TASK STATEMENT:
Locate the word "collapse" in the entries below, then gather every line that holds it.

ENTRIES SUPPLIED:
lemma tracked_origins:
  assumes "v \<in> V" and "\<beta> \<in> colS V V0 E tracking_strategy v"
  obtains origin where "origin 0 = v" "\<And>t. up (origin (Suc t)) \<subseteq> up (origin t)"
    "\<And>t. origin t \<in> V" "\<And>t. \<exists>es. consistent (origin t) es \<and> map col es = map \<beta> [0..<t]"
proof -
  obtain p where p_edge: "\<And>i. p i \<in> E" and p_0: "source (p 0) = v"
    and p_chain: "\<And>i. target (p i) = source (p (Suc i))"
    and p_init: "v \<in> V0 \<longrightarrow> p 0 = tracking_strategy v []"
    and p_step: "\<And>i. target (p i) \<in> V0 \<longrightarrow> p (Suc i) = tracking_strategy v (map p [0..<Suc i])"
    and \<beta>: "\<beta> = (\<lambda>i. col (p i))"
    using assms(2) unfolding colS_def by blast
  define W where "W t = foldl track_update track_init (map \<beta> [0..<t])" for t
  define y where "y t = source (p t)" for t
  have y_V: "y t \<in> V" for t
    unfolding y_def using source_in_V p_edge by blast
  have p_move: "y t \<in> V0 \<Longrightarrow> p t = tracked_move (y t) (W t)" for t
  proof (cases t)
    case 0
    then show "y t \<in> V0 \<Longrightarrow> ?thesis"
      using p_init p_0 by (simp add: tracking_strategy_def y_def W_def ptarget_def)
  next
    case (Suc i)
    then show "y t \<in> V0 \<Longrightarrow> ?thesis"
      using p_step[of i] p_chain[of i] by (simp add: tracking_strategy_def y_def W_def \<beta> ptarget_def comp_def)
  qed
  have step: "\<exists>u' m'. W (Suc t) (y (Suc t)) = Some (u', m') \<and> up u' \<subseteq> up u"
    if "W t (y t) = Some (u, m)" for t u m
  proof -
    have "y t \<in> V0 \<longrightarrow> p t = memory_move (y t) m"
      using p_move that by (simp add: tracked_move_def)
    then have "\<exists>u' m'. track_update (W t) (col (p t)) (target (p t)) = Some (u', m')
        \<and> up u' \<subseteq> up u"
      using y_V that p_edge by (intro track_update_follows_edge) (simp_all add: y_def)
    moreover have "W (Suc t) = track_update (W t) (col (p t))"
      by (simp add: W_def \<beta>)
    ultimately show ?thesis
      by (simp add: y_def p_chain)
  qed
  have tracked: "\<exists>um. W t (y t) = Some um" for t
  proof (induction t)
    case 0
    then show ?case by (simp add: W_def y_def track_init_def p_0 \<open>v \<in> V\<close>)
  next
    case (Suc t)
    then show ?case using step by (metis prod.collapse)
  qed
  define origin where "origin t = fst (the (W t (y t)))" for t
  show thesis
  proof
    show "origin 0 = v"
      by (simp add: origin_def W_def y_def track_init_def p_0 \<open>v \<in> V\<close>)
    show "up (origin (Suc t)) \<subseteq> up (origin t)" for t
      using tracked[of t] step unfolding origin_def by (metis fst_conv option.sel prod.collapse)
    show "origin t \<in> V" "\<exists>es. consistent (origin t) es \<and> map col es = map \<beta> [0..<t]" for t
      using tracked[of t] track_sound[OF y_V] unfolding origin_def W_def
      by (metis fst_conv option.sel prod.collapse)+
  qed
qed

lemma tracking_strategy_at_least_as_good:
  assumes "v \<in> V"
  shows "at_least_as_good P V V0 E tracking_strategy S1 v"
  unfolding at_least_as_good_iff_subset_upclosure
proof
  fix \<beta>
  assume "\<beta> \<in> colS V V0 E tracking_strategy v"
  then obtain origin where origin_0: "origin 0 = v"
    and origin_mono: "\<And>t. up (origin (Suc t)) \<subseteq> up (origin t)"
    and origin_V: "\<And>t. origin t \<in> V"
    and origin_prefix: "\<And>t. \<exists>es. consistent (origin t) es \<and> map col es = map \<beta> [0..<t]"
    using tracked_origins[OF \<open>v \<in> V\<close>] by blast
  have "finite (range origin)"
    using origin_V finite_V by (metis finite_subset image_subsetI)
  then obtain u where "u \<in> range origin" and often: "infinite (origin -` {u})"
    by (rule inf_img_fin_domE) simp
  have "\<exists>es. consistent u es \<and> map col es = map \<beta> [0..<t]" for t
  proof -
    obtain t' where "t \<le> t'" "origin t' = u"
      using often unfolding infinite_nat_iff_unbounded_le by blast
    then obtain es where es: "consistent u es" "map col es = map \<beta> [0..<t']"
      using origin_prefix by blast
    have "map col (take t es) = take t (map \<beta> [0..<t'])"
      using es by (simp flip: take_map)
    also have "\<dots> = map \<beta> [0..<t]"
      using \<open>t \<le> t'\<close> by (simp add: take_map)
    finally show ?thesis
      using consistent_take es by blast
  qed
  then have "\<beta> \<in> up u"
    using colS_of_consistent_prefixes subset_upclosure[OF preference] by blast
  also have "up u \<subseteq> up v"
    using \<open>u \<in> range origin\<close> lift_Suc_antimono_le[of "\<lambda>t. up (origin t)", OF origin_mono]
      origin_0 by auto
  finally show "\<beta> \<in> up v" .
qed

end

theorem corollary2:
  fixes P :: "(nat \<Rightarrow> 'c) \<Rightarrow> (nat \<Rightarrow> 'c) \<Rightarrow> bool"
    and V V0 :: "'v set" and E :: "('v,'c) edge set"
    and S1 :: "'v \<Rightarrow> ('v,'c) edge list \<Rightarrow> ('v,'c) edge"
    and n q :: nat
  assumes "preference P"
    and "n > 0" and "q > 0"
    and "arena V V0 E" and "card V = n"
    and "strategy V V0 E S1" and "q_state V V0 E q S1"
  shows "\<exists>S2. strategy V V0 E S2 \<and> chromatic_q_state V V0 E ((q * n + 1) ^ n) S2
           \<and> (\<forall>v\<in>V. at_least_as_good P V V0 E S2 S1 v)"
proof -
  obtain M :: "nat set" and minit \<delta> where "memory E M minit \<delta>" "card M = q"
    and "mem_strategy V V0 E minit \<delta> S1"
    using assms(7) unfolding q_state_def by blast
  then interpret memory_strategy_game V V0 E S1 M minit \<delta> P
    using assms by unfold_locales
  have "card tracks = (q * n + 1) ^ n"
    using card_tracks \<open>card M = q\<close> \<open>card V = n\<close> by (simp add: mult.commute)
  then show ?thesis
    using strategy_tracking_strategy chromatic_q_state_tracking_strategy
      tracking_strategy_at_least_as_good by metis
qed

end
* * *
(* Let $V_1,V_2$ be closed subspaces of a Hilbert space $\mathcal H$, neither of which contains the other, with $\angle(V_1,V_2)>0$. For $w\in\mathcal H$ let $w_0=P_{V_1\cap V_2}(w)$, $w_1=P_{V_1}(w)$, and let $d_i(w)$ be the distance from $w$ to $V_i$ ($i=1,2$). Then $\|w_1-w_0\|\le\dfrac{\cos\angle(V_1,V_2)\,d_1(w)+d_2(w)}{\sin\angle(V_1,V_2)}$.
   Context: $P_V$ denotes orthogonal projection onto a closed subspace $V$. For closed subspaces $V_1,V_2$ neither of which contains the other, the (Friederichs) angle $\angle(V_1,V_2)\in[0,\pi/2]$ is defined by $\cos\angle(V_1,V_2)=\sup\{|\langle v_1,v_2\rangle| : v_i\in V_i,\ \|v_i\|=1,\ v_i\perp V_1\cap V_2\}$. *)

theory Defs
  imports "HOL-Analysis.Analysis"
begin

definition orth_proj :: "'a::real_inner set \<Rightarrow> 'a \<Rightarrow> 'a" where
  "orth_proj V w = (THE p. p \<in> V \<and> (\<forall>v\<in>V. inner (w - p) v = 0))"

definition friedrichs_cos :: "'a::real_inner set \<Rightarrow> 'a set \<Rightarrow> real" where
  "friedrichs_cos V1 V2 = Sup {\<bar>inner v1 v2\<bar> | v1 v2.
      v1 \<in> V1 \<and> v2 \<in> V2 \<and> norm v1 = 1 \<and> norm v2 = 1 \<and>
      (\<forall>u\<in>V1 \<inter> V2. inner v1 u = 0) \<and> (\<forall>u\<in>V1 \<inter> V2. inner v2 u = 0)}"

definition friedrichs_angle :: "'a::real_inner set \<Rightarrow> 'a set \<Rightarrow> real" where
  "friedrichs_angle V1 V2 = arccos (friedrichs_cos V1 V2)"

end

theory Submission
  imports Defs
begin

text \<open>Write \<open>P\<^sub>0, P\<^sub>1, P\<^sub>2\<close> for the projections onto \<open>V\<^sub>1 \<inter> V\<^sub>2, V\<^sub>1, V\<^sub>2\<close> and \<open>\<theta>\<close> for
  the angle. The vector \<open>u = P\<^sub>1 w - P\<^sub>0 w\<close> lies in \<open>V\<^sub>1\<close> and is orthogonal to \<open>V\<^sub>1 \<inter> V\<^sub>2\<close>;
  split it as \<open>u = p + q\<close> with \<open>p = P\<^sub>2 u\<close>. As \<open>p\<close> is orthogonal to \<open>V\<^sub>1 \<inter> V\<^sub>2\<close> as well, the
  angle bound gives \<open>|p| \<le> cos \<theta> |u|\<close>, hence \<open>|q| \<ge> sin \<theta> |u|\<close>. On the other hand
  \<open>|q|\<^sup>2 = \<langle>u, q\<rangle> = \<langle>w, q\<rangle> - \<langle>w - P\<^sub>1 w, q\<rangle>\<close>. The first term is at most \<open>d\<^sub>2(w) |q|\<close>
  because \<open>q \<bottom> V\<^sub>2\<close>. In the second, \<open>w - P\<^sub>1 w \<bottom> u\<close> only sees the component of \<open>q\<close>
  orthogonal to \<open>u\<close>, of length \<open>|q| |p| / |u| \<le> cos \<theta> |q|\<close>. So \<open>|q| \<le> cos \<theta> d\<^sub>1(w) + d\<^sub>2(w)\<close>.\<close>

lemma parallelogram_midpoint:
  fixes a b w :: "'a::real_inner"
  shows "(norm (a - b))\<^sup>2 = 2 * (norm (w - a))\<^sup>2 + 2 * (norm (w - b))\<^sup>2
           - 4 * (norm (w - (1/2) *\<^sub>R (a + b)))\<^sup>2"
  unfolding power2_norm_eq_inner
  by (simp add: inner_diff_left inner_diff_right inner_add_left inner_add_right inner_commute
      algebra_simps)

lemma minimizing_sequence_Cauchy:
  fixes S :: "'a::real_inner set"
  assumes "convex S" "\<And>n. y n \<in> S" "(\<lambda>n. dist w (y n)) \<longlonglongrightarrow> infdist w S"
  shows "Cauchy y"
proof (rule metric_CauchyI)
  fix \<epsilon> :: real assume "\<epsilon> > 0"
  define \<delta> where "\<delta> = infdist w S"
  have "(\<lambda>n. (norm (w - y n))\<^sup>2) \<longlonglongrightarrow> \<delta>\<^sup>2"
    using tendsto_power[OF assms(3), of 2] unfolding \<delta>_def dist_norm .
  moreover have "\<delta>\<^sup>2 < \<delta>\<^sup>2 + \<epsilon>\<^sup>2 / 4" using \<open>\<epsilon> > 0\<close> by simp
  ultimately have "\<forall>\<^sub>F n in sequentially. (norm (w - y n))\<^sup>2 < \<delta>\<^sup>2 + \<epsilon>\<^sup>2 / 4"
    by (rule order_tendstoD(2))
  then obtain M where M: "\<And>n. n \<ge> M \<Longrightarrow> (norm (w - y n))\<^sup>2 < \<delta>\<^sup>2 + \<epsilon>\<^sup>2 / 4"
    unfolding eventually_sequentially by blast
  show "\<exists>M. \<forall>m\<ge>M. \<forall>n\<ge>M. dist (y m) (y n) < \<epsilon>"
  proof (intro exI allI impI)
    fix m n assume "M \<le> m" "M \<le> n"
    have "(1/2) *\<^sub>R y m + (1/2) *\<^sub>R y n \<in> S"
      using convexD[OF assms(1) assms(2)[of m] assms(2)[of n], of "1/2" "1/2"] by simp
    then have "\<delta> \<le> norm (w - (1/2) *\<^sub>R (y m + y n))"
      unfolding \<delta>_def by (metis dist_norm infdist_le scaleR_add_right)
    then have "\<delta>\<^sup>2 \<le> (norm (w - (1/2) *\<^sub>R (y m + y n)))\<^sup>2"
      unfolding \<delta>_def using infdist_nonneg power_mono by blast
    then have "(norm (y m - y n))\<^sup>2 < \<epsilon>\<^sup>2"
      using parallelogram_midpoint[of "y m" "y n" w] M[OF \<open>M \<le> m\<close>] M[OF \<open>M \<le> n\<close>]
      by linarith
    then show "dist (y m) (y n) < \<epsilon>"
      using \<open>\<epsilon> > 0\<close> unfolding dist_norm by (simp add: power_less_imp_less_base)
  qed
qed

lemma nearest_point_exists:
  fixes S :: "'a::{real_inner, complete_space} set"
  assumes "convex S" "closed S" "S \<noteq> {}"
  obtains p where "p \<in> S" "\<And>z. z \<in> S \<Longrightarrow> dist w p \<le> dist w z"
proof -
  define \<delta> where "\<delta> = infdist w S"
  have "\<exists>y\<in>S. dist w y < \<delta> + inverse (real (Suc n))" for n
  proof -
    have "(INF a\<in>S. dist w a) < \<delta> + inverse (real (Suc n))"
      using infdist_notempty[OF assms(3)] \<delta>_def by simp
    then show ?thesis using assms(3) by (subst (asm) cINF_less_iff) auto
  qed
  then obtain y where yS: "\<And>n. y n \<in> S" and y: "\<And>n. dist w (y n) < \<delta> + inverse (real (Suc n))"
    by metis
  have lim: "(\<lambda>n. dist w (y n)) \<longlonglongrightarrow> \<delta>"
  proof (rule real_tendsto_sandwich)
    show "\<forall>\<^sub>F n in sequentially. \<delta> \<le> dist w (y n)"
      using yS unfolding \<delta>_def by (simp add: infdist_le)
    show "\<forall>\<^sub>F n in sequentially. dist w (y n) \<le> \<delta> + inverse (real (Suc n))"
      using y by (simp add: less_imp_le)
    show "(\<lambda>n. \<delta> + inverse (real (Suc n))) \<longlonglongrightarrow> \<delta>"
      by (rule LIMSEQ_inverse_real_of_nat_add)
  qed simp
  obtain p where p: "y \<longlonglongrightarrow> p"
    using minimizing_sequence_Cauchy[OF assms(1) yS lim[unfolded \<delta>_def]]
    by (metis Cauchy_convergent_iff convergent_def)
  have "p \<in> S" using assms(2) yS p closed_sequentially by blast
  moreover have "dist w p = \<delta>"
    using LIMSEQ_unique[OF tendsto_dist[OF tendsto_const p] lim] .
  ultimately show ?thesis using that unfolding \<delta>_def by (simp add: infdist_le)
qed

TASK RESULT:
    then show ?case using step by (metis prod.collapse)
      using tracked[of t] step unfolding origin_def by (metis fst_conv option.sel prod.collapse)
      by (metis fst_conv option.sel prod.collapse)+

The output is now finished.